(* Let $G$ be a locally nilpotent group which is not periodic. Then $G$ contains no finite contranormal subgroups.
   Context: A subgroup $H$ of $G$ is contranormal in $G$ if its normal closure $H^G$ equals $G$. *)

theory Defs
  imports "HOL-Algebra.Algebra"
begin

definition commutator_subgroup :: "('a, 'b) monoid_scheme \<Rightarrow> 'a set \<Rightarrow> 'a set \<Rightarrow> 'a set" where
  "commutator_subgroup G H K =
     generate G {h \<otimes>\<^bsub>G\<^esub> k \<otimes>\<^bsub>G\<^esub> inv\<^bsub>G\<^esub> h \<otimes>\<^bsub>G\<^esub> inv\<^bsub>G\<^esub> k | h k. h \<in> H \<and> k \<in> K}"

text \<open>Lower central series: gamma_1 = G (index 0 here), gamma_(i+1) = [gamma_i, G].\<close>
fun lower_central :: "('a, 'b) monoid_scheme \<Rightarrow> nat \<Rightarrow> 'a set" where
  "lower_central G 0 = carrier G"
| "lower_central G (Suc n) = commutator_subgroup G (lower_central G n) (carrier G)"

definition nilpotent_group :: "('a, 'b) monoid_scheme \<Rightarrow> bool" where
  "nilpotent_group G \<longleftrightarrow> group G \<and> (\<exists>n. lower_central G n = {\<one>\<^bsub>G\<^esub>})"

definition locally_nilpotent :: "('a, 'b) monoid_scheme \<Rightarrow> bool" where
  "locally_nilpotent G \<longleftrightarrow> group G \<and>
     (\<forall>S. finite S \<and> S \<subseteq> carrier G \<longrightarrow> nilpotent_group (subgroup_generated G S))"

definition periodic_group :: "('a, 'b) monoid_scheme \<Rightarrow> bool" where
  "periodic_group G \<longleftrightarrow> (\<forall>x \<in> carrier G. \<exists>n::nat. n > 0 \<and> x [^]\<^bsub>G\<^esub> n = \<one>\<^bsub>G\<^esub>)"

definition normal_closure :: "('a, 'b) monoid_scheme \<Rightarrow> 'a set \<Rightarrow> 'a set" where
  "normal_closure G H = \<Inter> {N. N \<lhd> G \<and> H \<subseteq> N}"

definition contranormal :: "'a set \<Rightarrow> ('a, 'b) monoid_scheme \<Rightarrow> bool" where
  "contranormal H G \<longleftrightarrow> subgroup H G \<and> normal_closure G H = carrier G"

end

theory Submission
  imports Defs
begin

text \<open>
  In a nilpotent group \<open>G\<close> with lower central series \<open>\<gamma>\<^sub>i\<close>, every subgroup \<open>H\<close> is
  subnormal: \<open>H = \<gamma>\<^sub>m H \<unlhd> \<dots> \<unlhd> \<gamma>\<^sub>1 H \<unlhd> \<gamma>\<^sub>0 H = G\<close>. If \<open>H\<close> is periodic, walk up this
  series: the normal closure of \<open>H\<close> in a term is generated by the conjugates of the
  normal closure in the next term, which is periodic by induction, and these conjugates
  are periodic normal subgroups of that next term. A product of two periodic normal
  subgroups is periodic, so the normal closure of \<open>H\<close> in \<open>G\<close> is periodic. Applied to
  cyclic subgroups, this shows that the torsion elements of a nilpotent group, and hence
  of a locally nilpotent group, form a normal subgroup. A finite subgroup lies in it, and
  so does its normal closure; a contranormal finite subgroup would make \<open>G\<close> periodic.
\<close>

definition torsion_elements :: "('a, 'b) monoid_scheme \<Rightarrow> 'a set" where
  "torsion_elements G = {x \<in> carrier G. \<exists>n::nat. n > 0 \<and> x [^]\<^bsub>G\<^esub> n = \<one>\<^bsub>G\<^esub>}"

definition conjugates :: "('a, 'b) monoid_scheme \<Rightarrow> 'a set \<Rightarrow> 'a set \<Rightarrow> 'a set" where
  "conjugates G S A = {x \<otimes>\<^bsub>G\<^esub> a \<otimes>\<^bsub>G\<^esub> inv\<^bsub>G\<^esub> x | x a. x \<in> S \<and> a \<in> A}"

text \<open>\<open>A\<close> is a normal subgroup of the subgroup \<open>N\<close>, phrased inside \<open>G\<close> so that no group
  with restricted carrier is needed.\<close>

definition normal_in :: "('a, 'b) monoid_scheme \<Rightarrow> 'a set \<Rightarrow> 'a set \<Rightarrow> bool" where
  "normal_in G A N \<longleftrightarrow> subgroup A G \<and> A \<subseteq> N \<and> conjugates G N A \<subseteq> A"

lemma decreasing_chain_subset:
  assumes "\<forall>i<c. A (Suc i) \<subseteq> A i"
  shows "A c \<subseteq> A 0"
  using assms by (induction c) auto

context group
begin

lemma inv_mult_cancel_left [simp]:
  "x \<in> carrier G \<Longrightarrow> y \<in> carrier G \<Longrightarrow> inv x \<otimes> (x \<otimes> y) = y"
  by (simp add: m_assoc [symmetric])

lemma mult_inv_cancel_left [simp]:
  "x \<in> carrier G \<Longrightarrow> y \<in> carrier G \<Longrightarrow> x \<otimes> (inv x \<otimes> y) = y"
  by (simp add: m_assoc [symmetric])

lemma conjugation_group_hom:
  assumes "x \<in> carrier G"
  shows "group_hom G G (\<lambda>a. x \<otimes> a \<otimes> inv x)"
  using assms
  by (auto intro!: homI simp: group_hom_def group_hom_axioms_def is_group m_assoc)

lemma conjugates_singleton_image: "conjugates G {x} A = (\<lambda>a. x \<otimes> a \<otimes> inv x) ` A"
  unfolding conjugates_def by blast

lemma conjugates_eq_UN: "conjugates G S A = (\<Union>x\<in>S. conjugates G {x} A)"
  unfolding conjugates_def by blast

lemma conjugates_subset_carrier:
  "S \<subseteq> carrier G \<Longrightarrow> A \<subseteq> carrier G \<Longrightarrow> conjugates G S A \<subseteq> carrier G"
  unfolding conjugates_def by auto

lemma subset_conjugates:
  assumes "\<one> \<in> S" "A \<subseteq> carrier G"
  shows "A \<subseteq> conjugates G S A"
proof
  fix a assume "a \<in> A"
  then have "a = \<one> \<otimes> a \<otimes> inv \<one>" using assms(2) by auto
  then show "a \<in> conjugates G S A" using assms(1) \<open>a \<in> A\<close> unfolding conjugates_def by blast
qed

lemma conjugates_subgroup_subset:
  assumes "subgroup N G" "S \<subseteq> N" "A \<subseteq> N"
  shows "conjugates G S A \<subseteq> N"
  using assms unfolding conjugates_def
  by (auto intro!: subgroup.m_closed subgroup.m_inv_closed)

lemma conjugates_conjugates_subset:
  assumes N: "subgroup N G" and A: "A \<subseteq> carrier G"
  shows "conjugates G N (conjugates G N A) \<subseteq> conjugates G N A"
proof
  fix v assume "v \<in> conjugates G N (conjugates G N A)"
  then obtain y x a where v: "y \<in> N" "x \<in> N" "a \<in> A" "v = y \<otimes> (x \<otimes> a \<otimes> inv x) \<otimes> inv y"
    unfolding conjugates_def by blast
  have "y \<in> carrier G" "x \<in> carrier G" "a \<in> carrier G"
    using v A subgroup.subset[OF N] by auto
  then have "v = (y \<otimes> x) \<otimes> a \<otimes> inv (y \<otimes> x)"
    using v(4) by (simp add: m_assoc inv_mult_group)
  moreover have "y \<otimes> x \<in> N" using v by (simp add: subgroup.m_closed[OF N])
  ultimately show "v \<in> conjugates G N A" using v(3) unfolding conjugates_def by blast
qed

* Assigned task
What you return must be the lines above that run from the line with "then obtain y" to the line with "using v(4) by", inclusive, each copied exactly.

* Answer for the task
  then obtain y x a where v: "y \<in> N" "x \<in> N" "a \<in> A" "v = y \<otimes> (x \<otimes> a \<otimes> inv x) \<otimes> inv y"
    unfolding conjugates_def by blast
  have "y \<in> carrier G" "x \<in> carrier G" "a \<in> carrier G"
    using v A subgroup.subset[OF N] by auto
  then have "v = (y \<otimes> x) \<otimes> a \<otimes> inv (y \<otimes> x)"
    using v(4) by (simp add: m_assoc inv_mult_group)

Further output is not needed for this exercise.